[Stored data entries]
————————

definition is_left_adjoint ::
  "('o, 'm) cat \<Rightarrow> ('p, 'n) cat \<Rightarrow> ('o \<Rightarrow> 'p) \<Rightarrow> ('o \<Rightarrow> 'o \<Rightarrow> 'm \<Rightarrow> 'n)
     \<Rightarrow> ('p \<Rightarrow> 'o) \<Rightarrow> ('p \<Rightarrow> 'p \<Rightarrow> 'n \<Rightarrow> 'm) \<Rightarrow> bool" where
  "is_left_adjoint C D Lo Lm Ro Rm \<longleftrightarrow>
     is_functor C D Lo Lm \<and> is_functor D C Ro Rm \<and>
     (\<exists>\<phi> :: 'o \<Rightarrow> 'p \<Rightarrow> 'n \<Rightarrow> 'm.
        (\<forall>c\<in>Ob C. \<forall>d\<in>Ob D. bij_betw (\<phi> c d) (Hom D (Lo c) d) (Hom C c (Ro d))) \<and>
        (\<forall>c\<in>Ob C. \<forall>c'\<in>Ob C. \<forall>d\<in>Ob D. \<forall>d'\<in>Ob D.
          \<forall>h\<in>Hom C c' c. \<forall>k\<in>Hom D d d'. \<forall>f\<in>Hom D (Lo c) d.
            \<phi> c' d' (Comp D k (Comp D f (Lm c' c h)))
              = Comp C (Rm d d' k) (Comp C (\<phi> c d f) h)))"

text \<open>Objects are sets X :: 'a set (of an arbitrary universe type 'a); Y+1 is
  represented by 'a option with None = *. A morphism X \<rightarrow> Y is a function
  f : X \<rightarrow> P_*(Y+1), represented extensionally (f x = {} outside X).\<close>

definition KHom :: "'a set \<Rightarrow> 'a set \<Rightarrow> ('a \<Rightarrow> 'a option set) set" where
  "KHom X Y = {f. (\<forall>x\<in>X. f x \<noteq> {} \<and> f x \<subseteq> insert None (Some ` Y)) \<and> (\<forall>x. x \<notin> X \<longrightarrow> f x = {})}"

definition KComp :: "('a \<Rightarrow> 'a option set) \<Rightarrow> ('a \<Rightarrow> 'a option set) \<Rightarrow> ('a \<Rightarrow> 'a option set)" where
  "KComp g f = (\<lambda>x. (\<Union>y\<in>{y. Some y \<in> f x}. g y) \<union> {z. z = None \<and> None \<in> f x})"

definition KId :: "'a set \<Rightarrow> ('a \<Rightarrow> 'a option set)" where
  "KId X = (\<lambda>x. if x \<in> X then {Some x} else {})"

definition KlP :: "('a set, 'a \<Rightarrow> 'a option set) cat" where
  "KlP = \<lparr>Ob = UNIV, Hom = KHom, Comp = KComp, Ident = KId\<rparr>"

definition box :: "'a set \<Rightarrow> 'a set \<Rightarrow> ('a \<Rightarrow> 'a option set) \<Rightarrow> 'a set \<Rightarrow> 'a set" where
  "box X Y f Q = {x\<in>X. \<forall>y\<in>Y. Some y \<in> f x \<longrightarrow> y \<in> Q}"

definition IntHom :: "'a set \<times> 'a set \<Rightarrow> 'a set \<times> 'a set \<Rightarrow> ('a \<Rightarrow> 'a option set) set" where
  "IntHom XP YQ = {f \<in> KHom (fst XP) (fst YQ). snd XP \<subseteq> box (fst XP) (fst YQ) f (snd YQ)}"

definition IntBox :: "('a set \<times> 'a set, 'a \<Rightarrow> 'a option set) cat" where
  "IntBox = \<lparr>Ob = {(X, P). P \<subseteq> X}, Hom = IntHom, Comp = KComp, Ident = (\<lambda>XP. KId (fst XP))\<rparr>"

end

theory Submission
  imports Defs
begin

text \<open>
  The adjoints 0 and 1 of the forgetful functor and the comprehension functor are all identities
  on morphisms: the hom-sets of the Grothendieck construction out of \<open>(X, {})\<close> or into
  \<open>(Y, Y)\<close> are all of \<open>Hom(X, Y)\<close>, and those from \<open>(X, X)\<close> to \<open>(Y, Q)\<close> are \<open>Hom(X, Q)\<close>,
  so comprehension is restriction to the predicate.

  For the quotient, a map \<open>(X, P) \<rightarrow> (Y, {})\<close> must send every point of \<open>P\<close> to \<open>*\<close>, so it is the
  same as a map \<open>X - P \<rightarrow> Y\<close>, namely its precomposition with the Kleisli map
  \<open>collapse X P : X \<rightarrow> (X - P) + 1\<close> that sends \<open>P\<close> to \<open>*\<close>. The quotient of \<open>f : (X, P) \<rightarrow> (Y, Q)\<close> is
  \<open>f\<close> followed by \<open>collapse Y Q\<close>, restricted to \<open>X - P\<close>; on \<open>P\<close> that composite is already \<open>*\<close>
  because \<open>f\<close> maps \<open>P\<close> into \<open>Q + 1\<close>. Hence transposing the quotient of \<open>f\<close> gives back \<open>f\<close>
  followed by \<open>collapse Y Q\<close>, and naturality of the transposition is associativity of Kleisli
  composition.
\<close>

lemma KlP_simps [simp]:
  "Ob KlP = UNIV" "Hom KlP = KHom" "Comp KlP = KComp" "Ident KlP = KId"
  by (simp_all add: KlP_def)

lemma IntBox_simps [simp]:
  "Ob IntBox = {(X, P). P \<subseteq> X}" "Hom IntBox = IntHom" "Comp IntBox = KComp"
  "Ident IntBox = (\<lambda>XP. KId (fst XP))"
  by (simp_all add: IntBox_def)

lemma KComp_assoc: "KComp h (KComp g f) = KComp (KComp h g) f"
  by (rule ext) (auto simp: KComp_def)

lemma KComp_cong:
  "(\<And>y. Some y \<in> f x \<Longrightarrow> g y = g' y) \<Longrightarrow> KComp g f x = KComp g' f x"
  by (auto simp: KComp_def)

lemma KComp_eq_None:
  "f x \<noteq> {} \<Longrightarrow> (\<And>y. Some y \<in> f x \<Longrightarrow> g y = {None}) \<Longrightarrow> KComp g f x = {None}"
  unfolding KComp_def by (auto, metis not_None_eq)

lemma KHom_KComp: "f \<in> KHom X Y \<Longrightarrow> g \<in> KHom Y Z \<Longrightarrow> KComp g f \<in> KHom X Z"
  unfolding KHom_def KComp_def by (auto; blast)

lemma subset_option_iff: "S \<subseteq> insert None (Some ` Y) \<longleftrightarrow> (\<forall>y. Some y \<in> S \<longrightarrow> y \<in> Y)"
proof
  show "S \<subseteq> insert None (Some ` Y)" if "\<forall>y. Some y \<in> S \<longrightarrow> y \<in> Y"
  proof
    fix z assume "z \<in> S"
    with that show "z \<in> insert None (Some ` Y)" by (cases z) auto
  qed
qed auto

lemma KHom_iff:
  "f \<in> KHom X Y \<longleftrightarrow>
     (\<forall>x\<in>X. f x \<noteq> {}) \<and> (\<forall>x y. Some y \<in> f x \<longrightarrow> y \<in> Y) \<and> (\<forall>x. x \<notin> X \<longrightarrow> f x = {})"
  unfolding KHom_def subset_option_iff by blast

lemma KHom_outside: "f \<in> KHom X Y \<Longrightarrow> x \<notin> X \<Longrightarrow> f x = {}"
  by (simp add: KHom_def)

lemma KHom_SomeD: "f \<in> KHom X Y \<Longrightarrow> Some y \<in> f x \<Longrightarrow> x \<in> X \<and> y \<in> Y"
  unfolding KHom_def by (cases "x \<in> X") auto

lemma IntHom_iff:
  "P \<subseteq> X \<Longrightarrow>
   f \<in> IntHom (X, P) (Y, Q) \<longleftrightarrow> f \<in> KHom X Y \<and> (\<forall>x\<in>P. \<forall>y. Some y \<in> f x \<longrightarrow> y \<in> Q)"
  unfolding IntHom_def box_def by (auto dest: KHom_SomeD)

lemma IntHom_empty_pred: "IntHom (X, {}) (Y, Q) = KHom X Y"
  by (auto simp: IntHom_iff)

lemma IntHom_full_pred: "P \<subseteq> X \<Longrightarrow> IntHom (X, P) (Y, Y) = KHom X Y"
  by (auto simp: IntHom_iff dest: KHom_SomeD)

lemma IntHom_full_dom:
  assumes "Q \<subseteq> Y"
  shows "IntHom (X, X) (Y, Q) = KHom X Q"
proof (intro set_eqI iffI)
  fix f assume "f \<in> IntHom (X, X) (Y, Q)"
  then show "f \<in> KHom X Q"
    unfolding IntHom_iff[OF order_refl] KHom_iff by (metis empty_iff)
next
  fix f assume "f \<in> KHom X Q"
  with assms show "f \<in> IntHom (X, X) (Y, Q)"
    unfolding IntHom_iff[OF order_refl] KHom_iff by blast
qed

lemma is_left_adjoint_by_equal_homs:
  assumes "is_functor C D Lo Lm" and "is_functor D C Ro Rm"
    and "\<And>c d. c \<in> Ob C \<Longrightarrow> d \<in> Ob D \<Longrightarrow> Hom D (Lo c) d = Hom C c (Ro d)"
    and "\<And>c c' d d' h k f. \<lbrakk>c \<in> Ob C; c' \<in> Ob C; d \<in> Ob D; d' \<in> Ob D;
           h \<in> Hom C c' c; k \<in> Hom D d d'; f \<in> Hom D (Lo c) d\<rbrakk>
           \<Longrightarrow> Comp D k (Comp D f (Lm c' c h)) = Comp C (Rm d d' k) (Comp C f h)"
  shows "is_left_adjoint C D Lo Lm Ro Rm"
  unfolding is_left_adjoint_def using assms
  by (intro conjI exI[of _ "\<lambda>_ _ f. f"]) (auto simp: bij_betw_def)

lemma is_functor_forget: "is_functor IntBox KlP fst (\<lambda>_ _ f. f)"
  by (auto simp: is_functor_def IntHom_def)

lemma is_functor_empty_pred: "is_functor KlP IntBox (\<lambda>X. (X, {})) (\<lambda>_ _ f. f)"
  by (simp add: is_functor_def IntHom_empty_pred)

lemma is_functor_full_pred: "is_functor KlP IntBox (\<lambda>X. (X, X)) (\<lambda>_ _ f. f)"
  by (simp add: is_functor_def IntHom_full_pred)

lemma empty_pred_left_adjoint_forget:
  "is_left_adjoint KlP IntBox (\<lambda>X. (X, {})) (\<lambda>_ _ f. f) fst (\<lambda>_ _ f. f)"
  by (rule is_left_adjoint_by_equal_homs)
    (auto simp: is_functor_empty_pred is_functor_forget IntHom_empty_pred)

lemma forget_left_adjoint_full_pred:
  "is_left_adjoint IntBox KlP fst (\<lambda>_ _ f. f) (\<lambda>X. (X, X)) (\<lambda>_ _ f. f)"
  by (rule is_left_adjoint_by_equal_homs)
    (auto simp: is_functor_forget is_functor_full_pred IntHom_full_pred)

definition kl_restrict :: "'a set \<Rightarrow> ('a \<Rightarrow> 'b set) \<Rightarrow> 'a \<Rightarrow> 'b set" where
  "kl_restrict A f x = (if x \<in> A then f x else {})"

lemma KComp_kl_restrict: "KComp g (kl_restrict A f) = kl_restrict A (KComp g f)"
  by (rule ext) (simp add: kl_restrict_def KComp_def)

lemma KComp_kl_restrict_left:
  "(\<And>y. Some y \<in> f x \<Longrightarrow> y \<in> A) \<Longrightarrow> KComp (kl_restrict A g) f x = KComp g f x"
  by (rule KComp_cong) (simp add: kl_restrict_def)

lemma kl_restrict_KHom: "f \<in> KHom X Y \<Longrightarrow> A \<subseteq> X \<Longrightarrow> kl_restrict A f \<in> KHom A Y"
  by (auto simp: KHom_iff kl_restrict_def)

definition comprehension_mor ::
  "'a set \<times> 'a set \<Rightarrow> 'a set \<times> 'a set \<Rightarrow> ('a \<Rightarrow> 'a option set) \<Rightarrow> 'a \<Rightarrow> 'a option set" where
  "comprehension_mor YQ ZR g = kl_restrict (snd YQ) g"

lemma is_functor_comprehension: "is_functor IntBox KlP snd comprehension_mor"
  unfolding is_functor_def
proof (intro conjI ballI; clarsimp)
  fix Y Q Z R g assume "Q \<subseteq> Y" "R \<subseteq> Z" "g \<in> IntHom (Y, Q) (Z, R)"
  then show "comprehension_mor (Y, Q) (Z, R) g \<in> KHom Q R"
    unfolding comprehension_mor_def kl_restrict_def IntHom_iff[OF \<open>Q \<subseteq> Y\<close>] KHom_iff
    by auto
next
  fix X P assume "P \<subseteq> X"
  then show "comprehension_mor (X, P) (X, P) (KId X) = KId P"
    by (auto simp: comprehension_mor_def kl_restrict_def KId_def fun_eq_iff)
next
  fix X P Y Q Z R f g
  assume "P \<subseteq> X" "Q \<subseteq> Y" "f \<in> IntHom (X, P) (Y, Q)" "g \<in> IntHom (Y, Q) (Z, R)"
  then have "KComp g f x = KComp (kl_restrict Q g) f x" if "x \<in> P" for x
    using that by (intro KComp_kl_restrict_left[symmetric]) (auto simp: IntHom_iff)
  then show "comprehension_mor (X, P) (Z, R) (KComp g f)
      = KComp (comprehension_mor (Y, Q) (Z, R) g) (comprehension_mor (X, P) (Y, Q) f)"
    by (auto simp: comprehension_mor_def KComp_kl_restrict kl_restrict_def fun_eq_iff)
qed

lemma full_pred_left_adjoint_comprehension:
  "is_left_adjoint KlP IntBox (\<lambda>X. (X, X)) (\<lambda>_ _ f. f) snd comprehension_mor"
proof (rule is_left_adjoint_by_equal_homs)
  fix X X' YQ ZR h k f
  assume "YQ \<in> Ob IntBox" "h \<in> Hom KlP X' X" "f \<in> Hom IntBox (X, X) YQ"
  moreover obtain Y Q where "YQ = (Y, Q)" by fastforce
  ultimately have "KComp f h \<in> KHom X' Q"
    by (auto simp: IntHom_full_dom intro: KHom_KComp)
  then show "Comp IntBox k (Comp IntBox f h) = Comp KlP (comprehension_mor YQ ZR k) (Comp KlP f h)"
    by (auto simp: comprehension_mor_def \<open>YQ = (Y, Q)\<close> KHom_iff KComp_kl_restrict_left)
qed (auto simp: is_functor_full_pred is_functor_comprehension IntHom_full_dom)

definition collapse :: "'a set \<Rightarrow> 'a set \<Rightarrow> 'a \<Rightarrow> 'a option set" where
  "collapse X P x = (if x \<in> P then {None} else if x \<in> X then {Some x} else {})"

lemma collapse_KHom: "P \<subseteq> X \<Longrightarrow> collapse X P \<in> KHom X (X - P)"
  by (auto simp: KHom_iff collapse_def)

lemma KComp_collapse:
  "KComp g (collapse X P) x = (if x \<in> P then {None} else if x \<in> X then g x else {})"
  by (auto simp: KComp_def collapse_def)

————————

GOAL OF THE EXERCISE:
Report how many lines of the entries include the word "have", and let the number stand alone.

EXERCISE RESPONSE:
2